▶ Your objective: Find the line with "using degree_le_max_degree[OF fin(1) v, of" in the entries below. Repeat it, every following line, and the line with "using fin(2) H(1) by", exactly and with nothing added.

[Collected data entries]

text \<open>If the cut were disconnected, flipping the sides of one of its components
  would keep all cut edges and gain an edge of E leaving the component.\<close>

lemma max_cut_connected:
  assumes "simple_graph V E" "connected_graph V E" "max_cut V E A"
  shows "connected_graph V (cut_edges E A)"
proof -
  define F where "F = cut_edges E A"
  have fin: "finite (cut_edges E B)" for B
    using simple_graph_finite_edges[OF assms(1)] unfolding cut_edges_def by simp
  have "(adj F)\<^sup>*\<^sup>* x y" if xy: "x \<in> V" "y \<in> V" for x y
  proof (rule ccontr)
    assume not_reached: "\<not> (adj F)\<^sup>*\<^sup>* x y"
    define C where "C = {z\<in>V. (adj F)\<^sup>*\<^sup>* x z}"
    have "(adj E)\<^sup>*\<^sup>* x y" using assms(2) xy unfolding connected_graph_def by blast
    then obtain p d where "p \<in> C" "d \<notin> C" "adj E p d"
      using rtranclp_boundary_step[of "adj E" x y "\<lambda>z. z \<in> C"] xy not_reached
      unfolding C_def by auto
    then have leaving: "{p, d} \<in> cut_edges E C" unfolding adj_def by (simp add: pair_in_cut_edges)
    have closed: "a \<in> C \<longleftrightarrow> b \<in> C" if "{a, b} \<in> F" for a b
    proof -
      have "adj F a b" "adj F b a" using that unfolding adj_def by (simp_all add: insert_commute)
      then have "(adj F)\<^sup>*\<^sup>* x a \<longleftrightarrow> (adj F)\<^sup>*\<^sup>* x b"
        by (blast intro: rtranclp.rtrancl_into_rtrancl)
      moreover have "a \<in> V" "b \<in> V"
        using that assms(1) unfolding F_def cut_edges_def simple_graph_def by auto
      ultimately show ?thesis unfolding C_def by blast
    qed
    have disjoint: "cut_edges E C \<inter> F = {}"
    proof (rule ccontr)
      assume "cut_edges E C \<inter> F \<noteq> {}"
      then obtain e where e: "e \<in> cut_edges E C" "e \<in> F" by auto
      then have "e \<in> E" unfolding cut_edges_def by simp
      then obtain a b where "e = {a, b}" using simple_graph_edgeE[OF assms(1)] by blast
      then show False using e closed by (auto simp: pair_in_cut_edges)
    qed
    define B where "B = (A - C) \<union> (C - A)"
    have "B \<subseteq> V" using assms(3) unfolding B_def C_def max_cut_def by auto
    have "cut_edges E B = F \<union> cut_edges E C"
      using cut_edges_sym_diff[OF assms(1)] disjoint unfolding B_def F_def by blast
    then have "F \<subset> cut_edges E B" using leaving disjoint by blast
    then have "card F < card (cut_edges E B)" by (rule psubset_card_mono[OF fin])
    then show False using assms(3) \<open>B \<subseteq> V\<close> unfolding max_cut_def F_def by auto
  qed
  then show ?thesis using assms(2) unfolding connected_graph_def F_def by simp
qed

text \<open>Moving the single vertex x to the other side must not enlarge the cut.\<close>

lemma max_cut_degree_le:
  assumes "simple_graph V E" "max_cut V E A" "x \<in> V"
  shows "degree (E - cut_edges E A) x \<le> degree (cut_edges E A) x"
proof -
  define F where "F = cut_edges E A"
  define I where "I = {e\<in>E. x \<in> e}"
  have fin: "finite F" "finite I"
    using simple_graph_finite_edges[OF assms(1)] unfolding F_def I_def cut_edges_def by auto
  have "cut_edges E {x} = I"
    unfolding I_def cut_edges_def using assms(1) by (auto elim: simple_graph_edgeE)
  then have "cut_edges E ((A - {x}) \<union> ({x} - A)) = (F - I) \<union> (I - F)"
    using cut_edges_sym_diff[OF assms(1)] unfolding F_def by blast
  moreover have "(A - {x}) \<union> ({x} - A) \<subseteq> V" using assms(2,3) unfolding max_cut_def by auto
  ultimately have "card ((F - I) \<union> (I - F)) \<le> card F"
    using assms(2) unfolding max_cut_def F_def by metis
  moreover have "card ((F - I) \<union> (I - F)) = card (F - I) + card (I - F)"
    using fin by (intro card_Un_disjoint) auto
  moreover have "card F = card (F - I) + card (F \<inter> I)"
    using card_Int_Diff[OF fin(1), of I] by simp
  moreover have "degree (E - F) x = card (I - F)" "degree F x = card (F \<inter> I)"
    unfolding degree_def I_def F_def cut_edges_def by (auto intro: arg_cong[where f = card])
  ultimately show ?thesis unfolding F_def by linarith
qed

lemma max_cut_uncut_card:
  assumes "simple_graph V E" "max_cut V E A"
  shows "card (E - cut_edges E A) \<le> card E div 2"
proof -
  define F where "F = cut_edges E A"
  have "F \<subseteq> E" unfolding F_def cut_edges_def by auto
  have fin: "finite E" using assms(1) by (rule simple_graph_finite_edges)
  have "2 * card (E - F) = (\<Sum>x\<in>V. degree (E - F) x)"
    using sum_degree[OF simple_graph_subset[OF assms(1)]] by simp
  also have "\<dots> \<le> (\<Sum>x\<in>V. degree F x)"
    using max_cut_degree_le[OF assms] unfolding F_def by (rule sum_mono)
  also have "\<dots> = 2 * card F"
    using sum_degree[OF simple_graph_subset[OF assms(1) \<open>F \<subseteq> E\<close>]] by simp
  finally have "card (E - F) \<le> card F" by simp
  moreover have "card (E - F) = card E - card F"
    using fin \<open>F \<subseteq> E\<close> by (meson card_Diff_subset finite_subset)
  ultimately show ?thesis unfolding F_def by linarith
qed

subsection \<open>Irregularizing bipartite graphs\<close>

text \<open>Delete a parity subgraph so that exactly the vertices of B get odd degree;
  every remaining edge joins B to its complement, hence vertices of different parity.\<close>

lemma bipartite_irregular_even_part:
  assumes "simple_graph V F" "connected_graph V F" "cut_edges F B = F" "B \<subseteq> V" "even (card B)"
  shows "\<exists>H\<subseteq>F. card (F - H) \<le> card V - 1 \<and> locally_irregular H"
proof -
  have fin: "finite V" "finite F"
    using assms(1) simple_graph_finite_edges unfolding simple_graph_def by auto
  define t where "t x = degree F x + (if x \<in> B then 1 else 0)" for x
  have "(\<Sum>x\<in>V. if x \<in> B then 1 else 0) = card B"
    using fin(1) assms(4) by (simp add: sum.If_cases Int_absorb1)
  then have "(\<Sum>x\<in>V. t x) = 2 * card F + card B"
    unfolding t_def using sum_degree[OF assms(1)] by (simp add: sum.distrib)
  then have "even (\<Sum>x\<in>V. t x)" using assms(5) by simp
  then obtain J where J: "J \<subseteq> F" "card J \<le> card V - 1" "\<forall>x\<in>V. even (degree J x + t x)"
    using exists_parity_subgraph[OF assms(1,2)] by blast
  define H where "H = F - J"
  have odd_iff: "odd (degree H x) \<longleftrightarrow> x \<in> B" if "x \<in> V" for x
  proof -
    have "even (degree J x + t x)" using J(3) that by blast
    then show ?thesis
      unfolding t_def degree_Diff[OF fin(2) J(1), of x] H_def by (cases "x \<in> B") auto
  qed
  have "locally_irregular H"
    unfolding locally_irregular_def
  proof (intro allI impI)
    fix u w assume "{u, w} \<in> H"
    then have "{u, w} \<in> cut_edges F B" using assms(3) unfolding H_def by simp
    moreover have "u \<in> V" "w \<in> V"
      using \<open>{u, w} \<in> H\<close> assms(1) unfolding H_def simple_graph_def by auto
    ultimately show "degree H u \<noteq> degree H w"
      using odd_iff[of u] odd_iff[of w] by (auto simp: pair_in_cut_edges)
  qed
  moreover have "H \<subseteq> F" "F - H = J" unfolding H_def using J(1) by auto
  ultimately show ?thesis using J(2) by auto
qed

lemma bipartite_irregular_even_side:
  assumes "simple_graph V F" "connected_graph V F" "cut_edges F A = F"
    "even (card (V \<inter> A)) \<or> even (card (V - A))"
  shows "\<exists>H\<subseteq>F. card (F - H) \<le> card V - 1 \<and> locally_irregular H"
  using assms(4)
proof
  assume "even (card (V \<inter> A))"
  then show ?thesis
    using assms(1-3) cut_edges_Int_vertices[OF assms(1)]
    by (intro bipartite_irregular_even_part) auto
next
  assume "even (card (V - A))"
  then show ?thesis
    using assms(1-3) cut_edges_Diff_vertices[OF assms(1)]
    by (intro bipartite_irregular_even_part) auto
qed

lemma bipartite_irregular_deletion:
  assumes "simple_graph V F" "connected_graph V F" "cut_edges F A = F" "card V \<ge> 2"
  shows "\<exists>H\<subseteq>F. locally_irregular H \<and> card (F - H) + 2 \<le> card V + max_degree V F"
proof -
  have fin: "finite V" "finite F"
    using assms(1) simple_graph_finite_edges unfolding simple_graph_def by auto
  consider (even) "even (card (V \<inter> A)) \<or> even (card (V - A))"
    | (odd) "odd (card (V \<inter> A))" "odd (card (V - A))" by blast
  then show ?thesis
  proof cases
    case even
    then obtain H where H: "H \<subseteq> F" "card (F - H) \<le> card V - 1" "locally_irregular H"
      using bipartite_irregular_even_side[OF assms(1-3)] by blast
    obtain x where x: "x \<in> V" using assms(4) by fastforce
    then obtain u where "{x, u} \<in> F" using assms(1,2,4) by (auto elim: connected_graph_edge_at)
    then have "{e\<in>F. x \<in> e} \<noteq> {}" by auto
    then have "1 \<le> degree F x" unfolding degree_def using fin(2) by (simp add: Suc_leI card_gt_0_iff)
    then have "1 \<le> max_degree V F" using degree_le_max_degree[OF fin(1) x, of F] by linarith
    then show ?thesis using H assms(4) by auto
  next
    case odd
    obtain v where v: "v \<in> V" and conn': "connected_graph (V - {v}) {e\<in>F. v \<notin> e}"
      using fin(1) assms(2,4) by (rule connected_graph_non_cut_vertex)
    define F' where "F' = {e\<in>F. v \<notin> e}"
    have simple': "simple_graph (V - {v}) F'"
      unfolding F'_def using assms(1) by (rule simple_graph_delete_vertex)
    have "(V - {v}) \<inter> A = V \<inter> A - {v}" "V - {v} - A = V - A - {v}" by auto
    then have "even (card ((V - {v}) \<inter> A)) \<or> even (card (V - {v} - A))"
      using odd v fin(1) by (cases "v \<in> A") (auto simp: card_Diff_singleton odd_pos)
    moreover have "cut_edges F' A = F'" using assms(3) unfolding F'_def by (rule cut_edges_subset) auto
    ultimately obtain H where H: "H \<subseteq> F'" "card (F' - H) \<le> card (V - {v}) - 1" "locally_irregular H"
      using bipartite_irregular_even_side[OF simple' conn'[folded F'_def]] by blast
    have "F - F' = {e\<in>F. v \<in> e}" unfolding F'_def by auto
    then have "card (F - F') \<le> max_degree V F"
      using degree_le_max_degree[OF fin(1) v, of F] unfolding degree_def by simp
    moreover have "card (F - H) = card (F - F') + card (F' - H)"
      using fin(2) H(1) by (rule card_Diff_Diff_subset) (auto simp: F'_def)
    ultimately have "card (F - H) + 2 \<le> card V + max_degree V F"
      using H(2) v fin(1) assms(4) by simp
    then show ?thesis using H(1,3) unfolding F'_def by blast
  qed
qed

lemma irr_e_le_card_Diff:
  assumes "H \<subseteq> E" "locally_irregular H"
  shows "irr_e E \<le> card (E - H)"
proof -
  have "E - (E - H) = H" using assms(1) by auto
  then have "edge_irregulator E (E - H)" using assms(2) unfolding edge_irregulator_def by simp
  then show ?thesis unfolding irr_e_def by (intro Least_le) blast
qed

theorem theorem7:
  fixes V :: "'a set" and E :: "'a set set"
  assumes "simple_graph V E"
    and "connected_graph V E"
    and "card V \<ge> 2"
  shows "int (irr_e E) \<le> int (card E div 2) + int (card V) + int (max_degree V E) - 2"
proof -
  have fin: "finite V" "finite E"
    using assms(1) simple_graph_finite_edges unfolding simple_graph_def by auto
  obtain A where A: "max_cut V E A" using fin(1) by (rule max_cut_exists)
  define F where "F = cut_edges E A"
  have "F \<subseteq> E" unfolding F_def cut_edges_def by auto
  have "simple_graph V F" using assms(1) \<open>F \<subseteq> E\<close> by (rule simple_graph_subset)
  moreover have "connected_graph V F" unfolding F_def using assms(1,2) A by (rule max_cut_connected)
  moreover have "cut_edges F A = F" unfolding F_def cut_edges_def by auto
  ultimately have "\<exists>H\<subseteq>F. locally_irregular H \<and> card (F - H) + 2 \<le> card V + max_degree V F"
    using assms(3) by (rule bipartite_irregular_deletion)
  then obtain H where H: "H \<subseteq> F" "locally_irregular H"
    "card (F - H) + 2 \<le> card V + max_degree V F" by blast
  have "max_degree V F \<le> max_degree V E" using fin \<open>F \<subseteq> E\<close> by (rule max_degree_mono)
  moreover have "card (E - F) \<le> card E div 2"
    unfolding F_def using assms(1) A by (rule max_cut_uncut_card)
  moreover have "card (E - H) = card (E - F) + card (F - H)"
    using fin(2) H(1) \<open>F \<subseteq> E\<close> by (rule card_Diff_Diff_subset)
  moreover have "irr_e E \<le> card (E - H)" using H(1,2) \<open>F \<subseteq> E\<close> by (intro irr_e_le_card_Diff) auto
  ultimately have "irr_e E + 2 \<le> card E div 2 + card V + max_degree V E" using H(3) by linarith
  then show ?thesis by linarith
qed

▶ Completed exercise:
      using degree_le_max_degree[OF fin(1) v, of F] unfolding degree_def by simp
    moreover have "card (F - H) = card (F - F') + card (F' - H)"
      using fin(2) H(1) by (rule card_Diff_Diff_subset) (auto simp: F'_def)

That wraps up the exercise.